D. J. McMahon2, R. J. Brown, G. H. Richardson and C. A. Ernstrom

Department of Nutrition and Food Sciences, Utah State University, Logan 84322

ABSTRACT

Monitoring enzymic milk coagulation by turbidity changes of undiluted milk is complementary to measurements of changes of curd firmness. Turbidity measurements are sensitive to initial stages of micelle aggregation and demonstrate that aggregation begins well before any visual observation of coagulation. A point is reached during aggregation in which a three dimensionally crosslinked network of casein micelles is formed, and following this, coagulation can be observed visually or rheologically.

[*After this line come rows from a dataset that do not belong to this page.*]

(* Let $n\ge 2$ and let $f=(f_1,\dots,f_n):\mathbb{R}^n\to\mathbb{R}^n$. Then $f$ is a Laplacian map if and only if there exist a function $g\in C^2(\mathbb{R}^{n-1})$, with variables $(t_1,\dots,t_{n-1})$, and a constant $k\in\mathbb{R}$ such that \[ f_i(x_1,\dots,x_n)=\frac{\partial g}{\partial t_i}(x_1-x_n,\dots,x_{n-1}-x_n),\quad i=1,\dots,n-1, \] \[ f_n=-f_1-\dots-f_{n-1}+k. \]
   Context: A real $n\times n$ matrix $L=(l_{ij})$ is a Laplacian matrix if it is symmetric and $l_{ii}=-\sum_{j\neq i} l_{ij}$ for $i=1,\dots,n$. A map $f:\mathbb{R}^n\to\mathbb{R}^n$ of class $C^1$ is a Laplacian map if its Jacobian matrix $Jf(x)$ is a Laplacian matrix for every $x\in\mathbb{R}^n$. *)

theory Defs
  imports "HOL-Analysis.Analysis"
begin

definition C1_map :: "('a::real_normed_vector \<Rightarrow> 'b::real_normed_vector) \<Rightarrow> bool" where
  "C1_map f \<longleftrightarrow> (\<exists>f'. (\<forall>x. (f has_derivative blinfun_apply (f' x)) (at x)) \<and> continuous_on UNIV f')"

definition C2_map :: "('a::real_normed_vector \<Rightarrow> 'b::real_normed_vector) \<Rightarrow> bool" where
  "C2_map f \<longleftrightarrow> (\<exists>f'. (\<forall>x. (f has_derivative blinfun_apply (f' x)) (at x)) \<and> C1_map f')"

definition laplacian_matrix :: "real^'n^'n \<Rightarrow> bool" where
  "laplacian_matrix L \<longleftrightarrow> transpose L = L \<and>
     (\<forall>i. L $ i $ i = - (\<Sum>j\<in>UNIV - {i}. L $ i $ j))"

definition laplacian_map :: "(real^'n \<Rightarrow> real^'n) \<Rightarrow> bool" where
  "laplacian_map f \<longleftrightarrow> C1_map f \<and> (\<forall>x. laplacian_matrix (jacobian f (at x)))"

definition partial_deriv :: "(real^'m \<Rightarrow> real) \<Rightarrow> 'm \<Rightarrow> real^'m \<Rightarrow> real" where
  "partial_deriv g i y = deriv (\<lambda>t. g (y + t *\<^sub>R axis i 1)) 0"

end

theory Submission
  imports Defs
begin
(* Let $r\ge2$, $d\in\{1,\dots,r-1\}$ and let $M\in\mathrm{rep}_{\mathrm{proj}}(K_r,d)$ with $\Delta_M(d)>d(r-d)$. Then there exist $a\in\mathbb N$ (a positive integer) and an exact sequence $(0)\to aP_0(r)\to M\to M_{\min}\to(0)$ in $\mathrm{rep}(K_r)$, where $M_{\min}\in\mathrm{rep}_{\mathrm{proj}}(K_r,d)$ and $\Delta_{M_{\min}}(d)=d(r-d)$.
   Context: $k$ algebraically closed of arbitrary characteristic; vector spaces finite-dimensional. $K_r$: Kronecker quiver with arrows $\gamma_1,\dots,\gamma_r:1\to2$; $A_r=\bigoplus_ik\gamma_i$; for $M=(M_1,M_2,(M(\gamma_i))_i)$, $\psi_M:A_r\otimes_kM_1\to M_2$, $\gamma_i\otimes m\mapsto M(\gamma_i)(m)$; $\Delta_M(d)=\dim_kM_2-d\dim_kM_1$. $\mathrm{rep}_{\mathrm{proj}}(K_r,d)$ is the full subcategory of $M$ with $\psi_M|_{\mathfrak v\otimes M_1}$ injective for every $d$-dimensional subspace $\mathfrak v\subseteq A_r$. $P_0(r)=(0,k)$ is the simple projective representation. *)

theory Defs
  imports Main "HOL.Vector_Spaces" "HOL-Library.Function_Algebras"
begin

class alg_closed_field = field +
  assumes alg_closed: "\<And>(n::nat) (c::nat \<Rightarrow> 'a). n > 0 \<Longrightarrow> \<exists>x. x ^ n + (\<Sum>i<n. c i * x ^ i) = 0"

(* coordinate vectors: k^n = functions nat => k vanishing from index n on *)
definition kvec :: "nat \<Rightarrow> (nat \<Rightarrow> 'k::zero) set" where
  "kvec n = {v. \<forall>i\<ge>n. v i = 0}"

definition sc :: "'k::field \<Rightarrow> (nat \<Rightarrow> 'k) \<Rightarrow> (nat \<Rightarrow> 'k)" where
  "sc c v = (\<lambda>i. c * v i)"

definition sc2 :: "'k::field \<Rightarrow> (nat \<Rightarrow> nat \<Rightarrow> 'k) \<Rightarrow> (nat \<Rightarrow> nat \<Rightarrow> 'k)" where
  "sc2 c t = (\<lambda>i j. c * t i j)"

definition matapp :: "nat \<Rightarrow> nat \<Rightarrow> (nat \<Rightarrow> nat \<Rightarrow> 'k::field) \<Rightarrow> (nat \<Rightarrow> 'k) \<Rightarrow> (nat \<Rightarrow> 'k)" where
  "matapp m n A v = (\<lambda>i. if i < m then (\<Sum>j<n. A i j * v j) else 0)"

(* a representation of K_r: M_1 = k^(dim1), M_2 = k^(dim2),
   M(gamma_(i+1)) given by the dim2 x dim1 matrix arr i, for i < r *)
record 'k krep =
  dim1 :: nat
  dim2 :: nat
  arr  :: "nat \<Rightarrow> nat \<Rightarrow> nat \<Rightarrow> 'k"

definition arrow :: "'k::field krep \<Rightarrow> nat \<Rightarrow> (nat \<Rightarrow> 'k) \<Rightarrow> (nat \<Rightarrow> 'k)" where
  "arrow M i = matapp (dim2 M) (dim1 M) (arr M i)"

(* A_r (x) M_1 = k^r (x) k^(dim1): r x dim1 arrays; pure tensor a (x) m *)
definition tens :: "(nat \<Rightarrow> 'k::field) \<Rightarrow> (nat \<Rightarrow> 'k) \<Rightarrow> (nat \<Rightarrow> nat \<Rightarrow> 'k)" where
  "tens a m = (\<lambda>i j. a i * m j)"

(* psi_M : A_r (x) M_1 -> M_2, gamma_i (x) m |-> M(gamma_i)(m) *)
definition psi :: "nat \<Rightarrow> 'k::field krep \<Rightarrow> (nat \<Rightarrow> nat \<Rightarrow> 'k) \<Rightarrow> (nat \<Rightarrow> 'k)" where
  "psi r M t = (\<lambda>l. \<Sum>i<r. arrow M i (t i) l)"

Coagulation time initially decreased upon calcium addition and reached a minimum at .05 M calcium. At high calcium (.4 M), coagulation time was severely retarded. Curd firming rate increased and reached a maximum at .01 M calcium. At higher calcium curd firmness was reduced. Turbidity after coagulation decreased on calcium addition suggesting that calcium affects extensiveness of the gel network. Addition of phosphate 30 min prior to enzyme addition also reduced coagulation time with minimum at .01 M phosphate. When bulk culture media were added, pH of the media had a greater effect on coagulation time than did added phosphates.


FOOTNOTES

1 Utah Agricultural Research Station Journal Paper No. 2856.

2 Kraft Foods, Ltd., Salmon Street, Port Melbourne, Victoria, 3207, Australia.